Erika duduk di bangku belakang paling pojok, tidak mendengar apa yang gurunya sedang jelaskan dan hanya menatap keluar jendela dengan semilir angin yang menerpanya. Erika adalah anak yang pintar atau bisa dikatakan jenius dengan otaknya yang sangat encer, tanpa memperhatikan pun erika sudah mengerti apa yang di jelaskan dengan gurunya tersebut.
Erika bosan dengan keadaan kelas yang hening dan hanya ada suara gurunya saja yang menggema cukup keras. erika meminta izin pada gurunya untuk pergi ke kamar mandi, setelah mendapatkan izin erika tidak pergi ke kamar mandi melainkan ke atap gedung sekolah.
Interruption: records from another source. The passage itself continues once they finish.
lemma path_prob_visit_counts_less_exp:
  assumes k: "0 < k" and T: "0 < T" and \<rho>: "0 \<le> \<rho>" "\<rho> \<le> path_prob T (visits 0)"
  shows "path_prob N (\<lambda>s. \<forall>z. visit_count z s < k) \<le> exp (1 - real N * \<rho> ^ k / real (k * T))"
proof -
  define B where "B = N div (k * T)"
  have "real B = real_of_int \<lfloor>real N / real (k * T)\<rfloor>"
    unfolding B_def using floor_divide_of_nat_eq[of N "k * T", where 'a=real] by (simp only: of_int_of_nat_eq)
  then have B: "real N / real (k * T) - 1 < real B"
    by simp
  have \<rho>k: "0 \<le> \<rho> ^ k" "\<rho> ^ k \<le> 1"
    using \<rho> path_prob_le_1[of T "visits 0"] by (auto intro: power_le_one)
  have "path_prob N (\<lambda>s. \<forall>z. visit_count z s < k) \<le> (1 - path_prob (k * T) (\<lambda>s. k \<le> visit_count 0 s)) ^ B"
    by (rule path_prob_visit_counts_less) (simp add: B_def)
  also have "\<dots> \<le> (1 - \<rho> ^ k) ^ B"
  proof (rule power_mono)
    have "\<rho> ^ k \<le> path_prob T (visits 0) ^ k"
      using \<rho> by (intro power_mono) auto
    also have "\<dots> \<le> path_prob (k * T) (\<lambda>s. k \<le> visit_count 0 s)"
      by (rule path_prob_returns_pow_le) simp
    finally show "1 - path_prob (k * T) (\<lambda>s. k \<le> visit_count 0 s) \<le> 1 - \<rho> ^ k"
      by simp
  qed (simp add: path_prob_le_1)
  also have "\<dots> \<le> exp (- (\<rho> ^ k)) ^ B"
    using \<rho>k exp_ge_add_one_self[of "- (\<rho> ^ k)"] by (intro power_mono) auto
  also have "\<dots> = exp (- (real B * \<rho> ^ k))"
    by (simp add: exp_of_nat_mult[symmetric])
  also have "\<dots> \<le> exp (1 - real N * \<rho> ^ k / real (k * T))"
  proof -
    have "(real N / real (k * T) - 1) * \<rho> ^ k \<le> real B * \<rho> ^ k"
      using B \<rho>k by (intro mult_right_mono) auto
    then show ?thesis
      using \<rho>k by (simp add: algebra_simps)
  qed
  finally show ?thesis .
qed
(* Ville's theorem of the alternative *)
lemma mixed_strategy_nonpos_or_separating:
  fixes N :: "real^'k^'l"
  obtains p where "mixed_strategy p" "\<forall>i. (N *v p) $ i \<le> 0"
  | a where "\<forall>i. 0 \<le> a $ i" "\<forall>p. mixed_strategy p \<longrightarrow> 0 < a \<bullet> (N *v p)"
proof -
  define P where "P = (\<lambda>p. N *v p) ` {p. mixed_strategy p}"
  define U where "U = {u::real^'l. \<forall>i. 0 \<le> u $ i}"
  define S where "S = (\<Union>x\<in>P. \<Union>u\<in>U. {x + u})"
  show thesis
  proof (cases "0 \<in> S")
    case True
    then obtain p u where "mixed_strategy p" "\<forall>i. 0 \<le> u $ i" "N *v p + u = 0"
      unfolding S_def P_def U_def by auto
    then show thesis
      by (intro that(1)[of p]) (auto simp: vec_eq_iff add_eq_0_iff2)
  next
    case False
    have "closed S" unfolding S_def P_def U_def
      by (intro compact_closed_sums compact_continuous_image compact_mixed_strategies
          closed_nonneg_orthant continuous_intros)
    moreover have "convex S" unfolding S_def P_def U_def
      by (intro convex_sums convex_linear_image convex_mixed_strategies convex_nonneg_orthant
          matrix_vector_mul_linear)
    ultimately obtain a e where "0 < e" and sep: "\<forall>x\<in>S. e < a \<bullet> x"
      using separating_hyperplane_closed_point[OF _ _ False] by auto
    have sep': "e < a \<bullet> (N *v p) + a \<bullet> u" if "mixed_strategy p" "\<forall>i. 0 \<le> u $ i" for p u
      using sep that unfolding S_def P_def U_def by (force simp: inner_add_right)
    have "0 \<le> a $ i" for i
    \<comment> \<open>otherwise adding a large multiple of axis i pushes a point of S below the hyperplane\<close>
    proof (rule ccontr)
      assume neg: "\<not> 0 \<le> a $ i"
      obtain p0 :: "real^'k" where p0: "mixed_strategy p0" using mixed_strategy_axis by blast
      define k where "k = \<bar>a \<bullet> (N *v p0)\<bar> / - (a $ i)"
      have "e < a \<bullet> (N *v p0) + a \<bullet> (k *\<^sub>R axis i 1)"
        using neg by (intro sep' p0) (auto simp: k_def axis_def divide_nonneg_neg)
      also have "a \<bullet> (k *\<^sub>R axis i 1) = - \<bar>a \<bullet> (N *v p0)\<bar>"
        using neg by (simp add: inner_axis k_def)
      finally show False using \<open>0 < e\<close> by linarith
    qed
    moreover have "0 < a \<bullet> (N *v p)" if "mixed_strategy p" for p
      using sep'[OF that, of 0] \<open>0 < e\<close> by simp
    ultimately show thesis by (intro that(2)) auto
  qed
qed
(* Fix $\beta>2$ and let $G_\beta,H_\beta,K_\beta,g_\beta$ and $F_\beta(\mathbf{x},r)$ be as in the context. For every $r>0$, the equation $$H_\beta(y-3r/2)+H_\beta(y)+K_\beta(y)=1,\qquad y\in(-\infty,g_\beta],$$ has a unique solution $y_2^\beta(r)$. Furthermore, the point $\big(H_\beta(y_2^\beta(r)),K_\beta(y_2^\beta(r))\big)$ is a local minimum of $F_\beta(\cdot,r)$.
   Context: $\Xi=\{(x_1,x_2): x_1,x_2\ge0,\ x_1+x_2\le1\}$, $x_0=1-x_1-x_2$, $\mathbf{v}_k=(\cos(2\pi k/3),\sin(2\pi k/3))$, and $F_\beta(\mathbf{x},r)=-\frac12|\sum_{k=0}^2x_k\mathbf{v}_k|^2+\frac1\beta\sum_{k=0}^2x_k\log(3x_k)+r\,x_0-\frac r2(x_1+x_2)$ (potential with external field of magnitude $r$, angle $\pi$). $G_\beta(x)=\frac1\beta\log x-\frac32x$ on $(0,\infty)$, $l_\beta=2/(3\beta)$, $g_\beta=G_\beta(l_\beta)$; for $y<g_\beta$, $H_\beta(y)<l_\beta<K_\beta(y)$ are the two solutions of $G_\beta(x)=y$, and $H_\beta(g_\beta)=K_\beta(g_\beta)=l_\beta$. *)

theory Defs
  imports "HOL-Analysis.Analysis"
begin

definition Xi :: "(real \<times> real) set" where
  "Xi = {(x1, x2). x1 \<ge> 0 \<and> x2 \<ge> 0 \<and> x1 + x2 \<le> 1}"

definition vk :: "nat \<Rightarrow> real \<times> real" where
  "vk k = (cos (2 * pi * real k / 3), sin (2 * pi * real k / 3))"

text \<open>Potential with external field of magnitude r and angle pi. Convention 0 log 0 = 0
  (automatic since ln 0 = 0 in Isabelle).\<close>
definition F :: "real \<Rightarrow> real \<times> real \<Rightarrow> real \<Rightarrow> real" where
  "F \<beta> x r = (let x1 = fst x; x2 = snd x; x0 = 1 - x1 - x2;
                  xs = (\<lambda>k::nat. if k = 0 then x0 else if k = 1 then x1 else x2) in
     - (1/2) * (norm (\<Sum>k<3. xs k *\<^sub>R vk k))\<^sup>2
     + (1/\<beta>) * (\<Sum>k<3. xs k * ln (3 * xs k))
     + r * x0 - (r/2) * (x1 + x2))"

definition G :: "real \<Rightarrow> real \<Rightarrow> real" where
  "G \<beta> x = (1/\<beta>) * ln x - (3/2) * x"

definition l :: "real \<Rightarrow> real" where
  "l \<beta> = 2 / (3 * \<beta>)"

definition g :: "real \<Rightarrow> real" where
  "g \<beta> = G \<beta> (l \<beta>)"

text \<open>For y \<le> g \<beta>: the smaller / larger solution of G \<beta> x = y.\<close>
definition H :: "real \<Rightarrow> real \<Rightarrow> real" where
  "H \<beta> y = (THE x. 0 < x \<and> x \<le> l \<beta> \<and> G \<beta> x = y)"

definition K :: "real \<Rightarrow> real \<Rightarrow> real" where
  "K \<beta> y = (THE x. l \<beta> \<le> x \<and> G \<beta> x = y)"

definition is_local_min_on :: "(real \<times> real \<Rightarrow> real) \<Rightarrow> (real \<times> real) set \<Rightarrow> real \<times> real \<Rightarrow> bool" where
  "is_local_min_on f S p \<longleftrightarrow> p \<in> S \<and> (\<exists>e>0. \<forall>z\<in>S. dist z p < e \<longrightarrow> f p \<le> f z)"

end

theory Submission
  imports Defs "HOL-Real_Asymp.Real_Asymp"
begin

text \<open>Write \<open>phi \<beta> r y = H \<beta> (y - 3 r / 2) + H \<beta> y + K \<beta> y = x\<^sub>0 + x\<^sub>1 + x\<^sub>2\<close>. Below \<open>g \<beta>\<close> its
  derivative is \<open>\<Sum> 1 / dG \<beta> x\<^sub>i\<close>, where \<open>dG \<beta> = G' \<beta>\<close>, and this sum is negative whenever
  \<open>x\<^sub>0 \<le> x\<^sub>1 < l < x\<^sub>2\<close>, \<open>G x\<^sub>1 = G x\<^sub>2\<close> and \<open>x\<^sub>0 + x\<^sub>1 + x\<^sub>2 \<ge> 2 / \<beta>\<close>; after the substitution
  \<open>t = 3 \<beta> x / 2\<close> this is an elementary fact about the level sets of \<open>ln t - t\<close>. Since
  \<open>2 / \<beta> < 1\<close>, \<open>phi\<close> is strictly decreasing wherever it is at least \<open>1\<close>, so the value \<open>1\<close>, which it
  takes by the intermediate value theorem, is taken only once.

  At a solution \<open>(x\<^sub>1, x\<^sub>2)\<close> is a critical point of \<open>F\<close>, whose Hessian is the quadratic form
  \<open>a\<^sub>0 (d\<^sub>1 + d\<^sub>2)\<^sup>2 + a\<^sub>1 d\<^sub>1\<^sup>2 + a\<^sub>2 d\<^sub>2\<^sup>2\<close> with \<open>a\<^sub>i = dG \<beta> x\<^sub>i\<close>. As \<open>a\<^sub>0, a\<^sub>1 > 0 > a\<^sub>2\<close>, negativity of
  \<open>\<Sum> 1 / a\<^sub>i\<close> is positivity of \<open>a\<^sub>0 a\<^sub>1 + a\<^sub>0 a\<^sub>2 + a\<^sub>1 a\<^sub>2\<close>, so the form is positive definite and the
  critical point is a local minimum.\<close>

section \<open>The profile \<open>G\<close> and its inverse branches\<close>

definition dG :: "real \<Rightarrow> real \<Rightarrow> real" where
  "dG \<beta> x = 1 / (\<beta> * x) - 3 / 2"

lemma G_has_derivative: "\<beta> > 0 \<Longrightarrow> 0 < x \<Longrightarrow> (G \<beta> has_real_derivative dG \<beta> x) (at x)"
  unfolding G_def dG_def by (auto intro!: derivative_eq_intros simp: field_simps)

lemma continuous_on_G: "\<beta> > 0 \<Longrightarrow> 0 < a \<Longrightarrow> continuous_on {a..b} (G \<beta>)"
  unfolding G_def by (auto intro!: continuous_intros)

lemma l_pos: "\<beta> > 0 \<Longrightarrow> 0 < l \<beta>"
  unfolding l_def by simp

lemma dG_pos: "\<beta> > 0 \<Longrightarrow> 0 < x \<Longrightarrow> x < l \<beta> \<Longrightarrow> 0 < dG \<beta> x"
  unfolding dG_def l_def by (simp add: field_simps)

lemma dG_neg: "\<beta> > 0 \<Longrightarrow> l \<beta> < x \<Longrightarrow> dG \<beta> x < 0"
  using l_pos[of \<beta>] unfolding dG_def l_def by (simp add: field_simps)

lemma dG_antimono: "\<beta> > 0 \<Longrightarrow> 0 < x \<Longrightarrow> x \<le> x' \<Longrightarrow> dG \<beta> x' \<le> dG \<beta> x"
  unfolding dG_def by (simp add: frac_le)

lemma G_strict_mono:
  assumes "\<beta> > 0" "0 < a" "a < b" "b \<le> l \<beta>"
  shows "G \<beta> a < G \<beta> b"
proof (rule DERIV_pos_imp_increasing_open[OF assms(3)])
  fix x assume "a < x" "x < b"
  then show "\<exists>y. (G \<beta> has_real_derivative y) (at x) \<and> y > 0"
    using assms G_has_derivative dG_pos by (metis less_le_trans order.strict_trans)
qed (use assms continuous_on_G in auto)

lemma G_strict_antimono:
  assumes "\<beta> > 0" "l \<beta> \<le> a" "a < b"
  shows "G \<beta> b < G \<beta> a"
proof (rule DERIV_neg_imp_decreasing_open[OF assms(3)])
  fix x assume "a < x" "x < b"
  then show "\<exists>y. (G \<beta> has_real_derivative y) (at x) \<and> y < 0"
    using assms G_has_derivative dG_neg l_pos by (metis le_less_trans order.strict_trans)
qed (use assms l_pos[of \<beta>] continuous_on_G in auto)

lemma G_eq_below_l_exists:
  assumes "\<beta> > 0" "y \<le> g \<beta>"
  shows "\<exists>x. 0 < x \<and> x \<le> l \<beta> \<and> G \<beta> x = y"
proof -
  have "filterlim (G \<beta>) at_bot (at_right 0)"
    unfolding G_def using assms(1) by real_asymp
  then have "\<forall>\<^sub>F x in at_right 0. G \<beta> x \<le> y"
    using filterlim_at_bot by blast
  then obtain b where "b > 0" and b: "\<And>x. 0 < x \<Longrightarrow> x < b \<Longrightarrow> G \<beta> x \<le> y"
    unfolding eventually_at_right_field by blast
  define a where "a = min (b / 2) (l \<beta>)"
  have a: "0 < a" "a \<le> l \<beta>"
    using \<open>b > 0\<close> l_pos[OF assms(1)] by (auto simp: a_def)
  have "G \<beta> a \<le> y"
    using \<open>b > 0\<close> a(1) min.cobounded1[of "b / 2" "l \<beta>"] by (intro b) (simp_all add: a_def)
  moreover have "y \<le> G \<beta> (l \<beta>)"
    using assms(2) by (simp add: g_def)
  ultimately obtain x where "a \<le> x" "x \<le> l \<beta>" "G \<beta> x = y"
    using a IVT'[of "G \<beta>" a y "l \<beta>"] continuous_on_G[OF assms(1) a(1)] by auto
  with a show ?thesis
    by (intro exI[of _ x]) auto
qed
Erika berdiri di ujung atap gedung sekolahnya, menghirup udara dengan kuat-kuat dan menghembuskan nya secara perlahan "loh mbak, mbak jangan bunuh diri"ucap seseorang yang sepertinya erika kenal, erika menoleh pada asal suara tersebut membuatnya cukup kaget dengan kedatangan pria tersebut.
"Loh, mbak kan yang waktu itu mau bunuh diri di puncak kan?"tanya pria tersebut dan hanya di balas anggukan oleh erika "kenapa sih setiap ketemu mbak kok mbak mau bunuh diri? Eh kok belibet gini ya omongan gue"lanjut pria tersebut membuat erika mau tidak mau menarik urat mulutnya sedikit keatas
"Dan lo kenapa bisa ada di saat gue mau bunuh diri?"tanya erika dingin"Saya kan gak tau kalo kamu mau bunuh diri, lagian juga saya kebetulan aja kok disini"ucap pria tersebut yang membuat erika menggeleng karenanya,erika segera pergi menuju pintu keluar dari atap gedung tersebut
"Eh tunggu, mbak mau kemana?"tanya pria tersebut membuat erika membalikkan badan dengan kesal "eh denger iya mas, nama gue bukan mbak, gue erika dan jangan pernah manggil gue mbak mbak risih gue dengernya"ucap erika cukup keras
"Eh maaf, aku kan gatau kalo nama kamu erika lagian kita ketemu kan selalu di saat yang tidak tepat mbak"
"Gue udah bilang kalo na ---
"Iya,iya maaf erika maksut saya. Pemarah banget sih jadi cewek"ucap pria tersebut
Erika yang enggan untuk beradu mulut pun pergi meninggalkan atap gedung, ntah saat ini kakinya akan membawa dia kemana. Lapangan basket menjadi tempat yang ia tuju, rasanya erika ingin sekali bermain basket kembali tapi ia urungkan karena takut semuanya akan terjadi lagi.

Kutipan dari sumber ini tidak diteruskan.